The main focus of the laboratory's research is the valorisation of bio-based environmental resources in everyday and high-tech applications. The aim is to find sustainable alternatives to fossil-based polymeric materials by applying bio-based alternatives and recyclables.

The laboratory seeks novel ways to sustainably valorise cellulose by applying new, recyclable solvent systems, bio-based chemical modification reagents, and energy-saving technologies. New, bio-based or well-recycled solvent systems are used. The use of plant oils for the esterification of cellulose is being studied, and the technology of reactive extrusion is being developed as a synthesis medium.

The laboratory is the only one in Estonia that has the capacity to pilot electrospinning. By the electrospinning method, triboelectric materials and filter materials based on cellulose derivatives are developed.

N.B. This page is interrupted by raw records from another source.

text \<open>An H_{2n+1}-structure on P V: an effective algebraic action (given by an
  algebraic representation rho : H -> GL(V)) with a dense Zariski-open orbit Omega.\<close>
definition heis_structure ::
  "(complex^'w \<Rightarrow> complex^'w \<Rightarrow> complex) \<Rightarrow> ((complex^'w) \<times> complex \<Rightarrow> complex^'v^'v)
     \<Rightarrow> (complex^'v) set set \<Rightarrow> bool" where
  "heis_structure \<omega> \<rho> \<Omega> \<longleftrightarrow>
     \<rho> (0, 0) = mat 1 \<and>
     (\<forall>g h. \<rho> (hmul \<omega> g h) = \<rho> g ** \<rho> h) \<and>
     (\<forall>i j. (\<lambda>g. \<rho> g $ i $ j) \<in> hpoly) \<and>
     (\<forall>g. (\<forall>L\<in>PV. pact \<rho> g L = L) \<longrightarrow> g = (0, 0)) \<and>
     (\<exists>x0\<in>PV. \<Omega> = {pact \<rho> g x0 | g. True}) \<and>
     zopen \<Omega> \<and> zcl \<Omega> = PV"

text \<open>The orbit of the centre I = C T, T = (0,1), through o.\<close>
definition center_orbit :: "((complex^'w) \<times> complex \<Rightarrow> complex^'v^'v) \<Rightarrow> (complex^'v) set \<Rightarrow> (complex^'v) set set" where
  "center_orbit \<rho> q = {pact \<rho> (0, t) q | t. True}"

end

theory Submission
  imports Defs "HOL-Computational_Algebra.Polynomial"
begin

(* The centre acts through a one-parameter group with polynomial entries, hence through
   exp (t N) with N nilpotent, and N commutes with the whole action. A boundary point is
   fixed by exp N, so it lies in ker N: the open orbit is exactly the set of [u] with N u ~= 0.
   Since the open orbit is one orbit, the nilpotency order of N is constant on it, which
   forces N^2 = 0. The centre orbit of [u] is then the affine line {[u + t N u]}, whose
   closure adds the single point [N u]. Finally, on ker N (which contains im N) the
   translations by W commute, so by Kolchin's theorem they fix a nonzero vector of im N.
   As N intertwines the action, this makes [N u] a fixed point of the group, and since the
   open orbit is a single orbit, [N u] does not depend on [u]. *)

section \<open>Nilpotent generators of polynomial one-parameter groups\<close>

fun matpow :: "'a::semiring_1^'n^'n \<Rightarrow> nat \<Rightarrow> 'a^'n^'n" where
  "matpow M 0 = mat 1"
| "matpow M (Suc k) = M ** matpow M k"

lemma matpow_add: "matpow M (j + k) = matpow M j ** matpow M k"
  by (induction j) (simp_all add: matrix_mul_assoc)

lemma matpow_Suc_right: "matpow M (Suc k) = matpow M k ** M"
  using matpow_add[of M k 1] by simp

lemma matpow_commute: "matpow M j ** matpow M k = matpow M k ** matpow M j"
  by (metis matpow_add add.commute)
lemma set_enum_set: "finite S \<Longrightarrow> set (enum_set S) = S"
  and distinct_enum_set: "finite S \<Longrightarrow> distinct (enum_set S)"
  unfolding enum_set_def by (metis (mono_tags, lifting) finite_distinct_list someI_ex)+

lemma length_enum_set: "finite S \<Longrightarrow> length (enum_set S) = card S"
  by (metis distinct_card distinct_enum_set set_enum_set)

lemma sum_enum_set:
  assumes "finite S"
  shows "(\<Sum>i < card S. g (enum_set S ! i)) = (\<Sum>x\<in>S. g x)"
proof -
  have "(\<Sum>x\<in>S. g x) = sum_list (map g (enum_set S))"
    using sum.distinct_set_conv_list[OF distinct_enum_set[OF assms], of g] set_enum_set[OF assms]
    by simp
  also have "\<dots> = (\<Sum>i < card S. g (enum_set S ! i))"
    using assms by (simp add: sum_list_sum_nth length_enum_set atLeast0LessThan)
  finally show ?thesis ..
qed

definition vertex_walk_matrix :: "'a set \<Rightarrow> 'a set set \<Rightarrow> real mat" where
  "vertex_walk_matrix V E = mat_on V (\<lambda>u v. if {u, v} \<in> E then 1 / real (degree E u) else 0)"

definition head_matrix :: "'a set \<Rightarrow> 'a set set \<Rightarrow> complex mat" where
  "head_matrix V E = mat (card (arcs E)) (card V)
     (\<lambda>(i, j). if snd (enum_set (arcs E) ! i) = enum_set V ! j then 1 else 0)"

definition out_arc_matrix :: "'a set \<Rightarrow> 'a set set \<Rightarrow> complex mat" where
  "out_arc_matrix V E = mat (card V) (card (arcs E))
     (\<lambda>(i, j). if fst (enum_set (arcs E) ! j) = enum_set V ! i
               then 1 / of_nat (degree E (enum_set V ! i)) else 0)"

lemma dim_vertex_walk_matrix [simp]:
  "dim_row (vertex_walk_matrix V E) = card V" "dim_col (vertex_walk_matrix V E) = card V"
  by (simp_all add: vertex_walk_matrix_def mat_on_def)

lemma dim_head_matrix: "head_matrix V E \<in> carrier_mat (card (arcs E)) (card V)"
  and dim_out_arc_matrix: "out_arc_matrix V E \<in> carrier_mat (card V) (card (arcs E))"
  by (simp_all add: head_matrix_def out_arc_matrix_def)

lemma head_out_arc_matrix:
  assumes G: "simple_graph V E"
  shows "head_matrix V E * out_arc_matrix V E = arc_walk_matrix E"
proof (rule eq_matI)
  have V: "finite V" using G unfolding simple_graph_def by simp
  let ?a = "enum_set (arcs E)" and ?v = "enum_set V"
  fix i j assume "i < dim_row (arc_walk_matrix E)" "j < dim_col (arc_walk_matrix E)"
  then have i: "i < card (arcs E)" and j: "j < card (arcs E)"
    by (auto simp: arc_walk_matrix_def mat_on_def)
  have arc: "?a ! k \<in> arcs E" if "k < card (arcs E)" for k
    using that finite_arcs[OF G] by (metis length_enum_set nth_mem set_enum_set)
  have "(head_matrix V E * out_arc_matrix V E) $$ (i, j) =
      (\<Sum>k < card V. (if snd (?a ! i) = ?v ! k then 1 else 0) *
        (if fst (?a ! j) = ?v ! k then 1 / of_nat (degree E (?v ! k)) else 0))"
    using i j by (simp add: head_matrix_def out_arc_matrix_def scalar_prod_def atLeast0LessThan)
  also have "\<dots> = (\<Sum>u\<in>V. (if snd (?a ! i) = u then 1 else 0) *
        (if fst (?a ! j) = u then 1 / of_nat (degree E u) else 0))"
    by (rule sum_enum_set[OF V])
  also have "\<dots> = (\<Sum>u\<in>V. if u = snd (?a ! i) then
      (if fst (?a ! j) = u then 1 / of_nat (degree E u) else 0) else 0)"
    by (rule sum.cong) auto
  also have "\<dots> = (if fst (?a ! j) = snd (?a ! i) then 1 / of_nat (degree E (snd (?a ! i))) else 0)"
    using V arc[OF i] arcs_subset[OF G] by auto
  also have "\<dots> = arc_walk_matrix E $$ (i, j)"
    using i j arc[OF j] by (auto simp: arc_walk_matrix_def mat_on_def arcs_def case_prod_beta)
  finally show "(head_matrix V E * out_arc_matrix V E) $$ (i, j) = arc_walk_matrix E $$ (i, j)" .
qed (auto simp: head_matrix_def out_arc_matrix_def arc_walk_matrix_def mat_on_def)

lemma out_arc_head_matrix:
  assumes G: "simple_graph V E"
  shows "out_arc_matrix V E * head_matrix V E = map_mat complex_of_real (vertex_walk_matrix V E)"
proof (rule eq_matI)
  have A: "finite (arcs E)" using finite_arcs[OF G] .
  let ?a = "enum_set (arcs E)" and ?v = "enum_set V"
  fix i j assume "i < dim_row (map_mat complex_of_real (vertex_walk_matrix V E))"
    "j < dim_col (map_mat complex_of_real (vertex_walk_matrix V E))"
  then have i: "i < card V" and j: "j < card V" by (auto simp: vertex_walk_matrix_def mat_on_def)
  have "(out_arc_matrix V E * head_matrix V E) $$ (i, j) =
      (\<Sum>k < card (arcs E). (if fst (?a ! k) = ?v ! i then 1 / of_nat (degree E (?v ! i)) else 0) *
        (if snd (?a ! k) = ?v ! j then 1 else 0))"
    using i j by (simp add: head_matrix_def out_arc_matrix_def scalar_prod_def atLeast0LessThan)
  also have "\<dots> = (\<Sum>a\<in>arcs E. (if fst a = ?v ! i then 1 / of_nat (degree E (?v ! i)) else 0) *
        (if snd a = ?v ! j then 1 else 0))"
    by (rule sum_enum_set[OF A])
  also have "\<dots> = (\<Sum>a\<in>arcs E. if a = (?v ! i, ?v ! j) then 1 / of_nat (degree E (?v ! i)) else 0)"
    by (rule sum.cong) auto
  also have "\<dots> = map_mat complex_of_real (vertex_walk_matrix V E) $$ (i, j)"
    using A i j by (simp add: vertex_walk_matrix_def mat_on_def arcs_def)
  finally show "(out_arc_matrix V E * head_matrix V E) $$ (i, j) =
      map_mat complex_of_real (vertex_walk_matrix V E) $$ (i, j)" .
qed (auto simp: head_matrix_def out_arc_matrix_def vertex_walk_matrix_def mat_on_def)
lemma monomial_curve_eval_mult_binomial:
  "wdeg w n u = wdeg w n v \<Longrightarrow> monomial_curve_eval w n (c * (mono u - mono v)) = 0"
  by (simp add: right_diff_distrib monomial_curve_eval_diff monomial_curve_eval_mult_mono)

lemma binomial_ideal_subset_kernel:
  "ideal_gen (polys_n n) (equal_degree_binomials w n) \<subseteq> {p \<in> polys_n n. monomial_curve_eval w n p = 0}"
proof (rule ideal_gen_least)
  show "0 \<in> {p \<in> polys_n n. monomial_curve_eval w n p = 0}"
    by (simp add: polys_n_def)
  show "x + y \<in> {p \<in> polys_n n. monomial_curve_eval w n p = 0}"
    if "x \<in> {p \<in> polys_n n. monomial_curve_eval w n p = 0}" "y \<in> {p \<in> polys_n n. monomial_curve_eval w n p = 0}"
    for x y :: "(nat \<Rightarrow>\<^sub>0 nat) \<Rightarrow>\<^sub>0 'a"
    using that by (simp add: polys_n_add monomial_curve_eval_add)
  show "c * s \<in> {p \<in> polys_n n. monomial_curve_eval w n p = 0}"
    if "c \<in> polys_n n" "s \<in> equal_degree_binomials w n" for c s :: "(nat \<Rightarrow>\<^sub>0 nat) \<Rightarrow>\<^sub>0 'a"
    using that by (auto simp: equal_degree_binomials_def polys_n_mult_binomial monomial_curve_eval_mult_binomial)
qed

lemma equal_degree_partner:
  assumes "monomial_curve_eval w n p = 0" "u \<in> Poly_Mapping.keys p"
  obtains v where "v \<in> Poly_Mapping.keys p" "v \<noteq> u" "wdeg w n v = wdeg w n u"
proof -
  have "(\<Sum>v\<in>{v \<in> Poly_Mapping.keys p. wdeg w n v = wdeg w n u}. Poly_Mapping.lookup p v) = 0"
    using coeff_monomial_curve_eval[of w n p "wdeg w n u"] assms(1) by simp
  moreover have "Poly_Mapping.lookup p u \<noteq> 0"
    using assms(2) by (simp add: in_keys_iff)
  ultimately have "{v \<in> Poly_Mapping.keys p. wdeg w n v = wdeg w n u} \<noteq> {u}"
    by auto
  then show thesis
    using that assms(2) by blast
qed

lemma keys_cancel_binomial:
  assumes "u \<noteq> v" "v \<in> Poly_Mapping.keys p"
  shows "Poly_Mapping.keys (p - Poly_Mapping.single 0 (Poly_Mapping.lookup p u) * (mono u - mono v))
    \<subseteq> Poly_Mapping.keys p - {u}"
proof -
  have binomial: "Poly_Mapping.single 0 (Poly_Mapping.lookup p u) * (mono u - mono v)
      = Poly_Mapping.single u (Poly_Mapping.lookup p u) - Poly_Mapping.single v (Poly_Mapping.lookup p u)"
    by (simp add: mono_def right_diff_distrib mult_single)
  show ?thesis
    unfolding binomial using assms by (auto simp: in_keys_iff lookup_minus lookup_single when_def split: if_splits)
qed

lemma kernel_subset_binomial_ideal:
  fixes p :: "(nat \<Rightarrow>\<^sub>0 nat) \<Rightarrow>\<^sub>0 'k::field"
  assumes "p \<in> polys_n n" "monomial_curve_eval w n p = 0"
  shows "p \<in> ideal_gen (polys_n n) (equal_degree_binomials w n)"
  using assms
proof (induction "card (Poly_Mapping.keys p)" arbitrary: p rule: less_induct)
  case less
  show ?case
  proof (cases "p = 0")
    case True
    then show ?thesis by (simp add: ideal_gen_0)
  next
    case False
    then obtain u where u: "u \<in> Poly_Mapping.keys p"
      by (metis ex_in_conv keys_eq_empty)
    with less.prems(2) obtain v where v: "v \<in> Poly_Mapping.keys p" "v \<noteq> u" "wdeg w n v = wdeg w n u"
      by (rule equal_degree_partner)
    have uv: "Poly_Mapping.keys u \<subseteq> {..<n}" "Poly_Mapping.keys v \<subseteq> {..<n}"
      using less.prems(1) u v(1) by (auto simp: polys_n_def)
    define c :: "(nat \<Rightarrow>\<^sub>0 nat) \<Rightarrow>\<^sub>0 'k" where "c = Poly_Mapping.single 0 (Poly_Mapping.lookup p u)"
    have "mono u - mono v \<in> equal_degree_binomials w n"
      using uv v(3)[symmetric] unfolding equal_degree_binomials_def by blast
    then have cuv: "c * (mono u - mono v) \<in> ideal_gen (polys_n n) (equal_degree_binomials w n)"
      unfolding c_def by (intro ideal_gen_mult_gen polys_n_const)
    have "p - c * (mono u - mono v) \<in> ideal_gen (polys_n n) (equal_degree_binomials w n)"
    proof (rule less.hyps)
      have "Poly_Mapping.keys (p - c * (mono u - mono v)) \<subseteq> Poly_Mapping.keys p - {u}"
        unfolding c_def using v by (intro keys_cancel_binomial) auto
      then show "card (Poly_Mapping.keys (p - c * (mono u - mono v))) < card (Poly_Mapping.keys p)"
        using u by (meson card_Diff1_less card_mono finite_Diff finite_keys le_less_trans)
      show "p - c * (mono u - mono v) \<in> polys_n n"
        using less.prems(1) uv by (simp add: c_def polys_n_diff polys_n_mult_binomial polys_n_const)
      show "monomial_curve_eval w n (p - c * (mono u - mono v)) = 0"
        using less.prems(2) v(3) by (simp add: monomial_curve_eval_diff monomial_curve_eval_mult_binomial)
    qed
    from ideal_gen_add[OF this cuv] show ?thesis
      by simp
  qed
qed

theorem monomial_curve_kernel_eq_binomial_ideal:
  "{p \<in> polys_n n. monomial_curve_eval w n p = 0} = ideal_gen (polys_n n) (equal_degree_binomials w n)"
  using kernel_subset_binomial_ideal binomial_ideal_subset_kernel by blast

section \<open>Lattice binomials are the equal-degree binomials\<close>

lemma evalt_eq_monomial_curve_eval: "evalt a b n = monomial_curve_eval (agen a b n) n"
  by (simp add: fun_eq_iff evalt_def monomial_curve_eval_def wdeg_def)
lemma card_lin_arcs_plus_card_linked_cycle:
  "card (lin_arcs C) + card C = n + card (doubly_covered_elems n C)"
proof -
  have "card (lin_arcs C) + card C = (\<Sum>c\<in>C. length c)"
    using card_lin_arcs[OF linked_cycle_finite linked_cycle_inj_on_hd]
      sum_length_minus_one_plus_card linked_cycle_cycle(1)
    by auto
  also have "\<dots> = (\<Sum>i\<in>{1..n}. card (covering_cycles C i))"
    using linked_cycle_finite linked_cycle_cycle(2) linked_cycle_set_subset
    by (intro sum_length_eq_sum_card_covering_cycles) auto
  also have "\<dots> = n + card (doubly_covered_elems n C)"
    by (rule sum_card_covering_cycles)
  finally show ?thesis .
qed

end

theorem proposition4p4:
  fixes n :: nat and C :: "nat list set"
  assumes "n \<ge> 1" and "linked_cycle n C"
  shows "card (lin_arcs C) + card (lin_marks n C) = n - 1"
proof -
  have "lin_marks n C = singly_covered_mins n C - {1}"
    unfolding lin_marks_def singly_covered_mins_def by auto
  moreover have "finite (singly_covered_mins n C)" by (simp add: singly_covered_mins_def)
  ultimately have "card (lin_marks n C) + 1 = card (singly_covered_mins n C)"
    using one_in_singly_covered_mins[OF assms(2,1)] by (metis card_Suc_Diff1 Suc_eq_plus1)
  thus ?thesis
    using card_lin_arcs_plus_card_linked_cycle[OF assms(2)] card_linked_cycle[OF assms(2)]
    by linarith
qed

end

The laboratory has a unique pilot production capability in Estonia in essential areas of polymer technology, such as hot mixing, extrusion, and injection moulding. Thermoplastic or thermosetting polymer composites with inorganic or bio-based additives are being developed to efficiently use secondary raw materials in the circular economy. It will be clarified whether and how different types of mineral waste, such as ash from electricity or oil production, can replace mined mineral resources such as limestone. Solutions are also being sought for larger-scale recycling of textile waste and lignocellulosic fibers.

Activities:

conducting studies at the bachelor's, master's and doctoral level.
conducting basic and applied research in the field of technology and chemistry of polymeric materials and biopolymers.
providing product and technology development, piloting and testing services to companies.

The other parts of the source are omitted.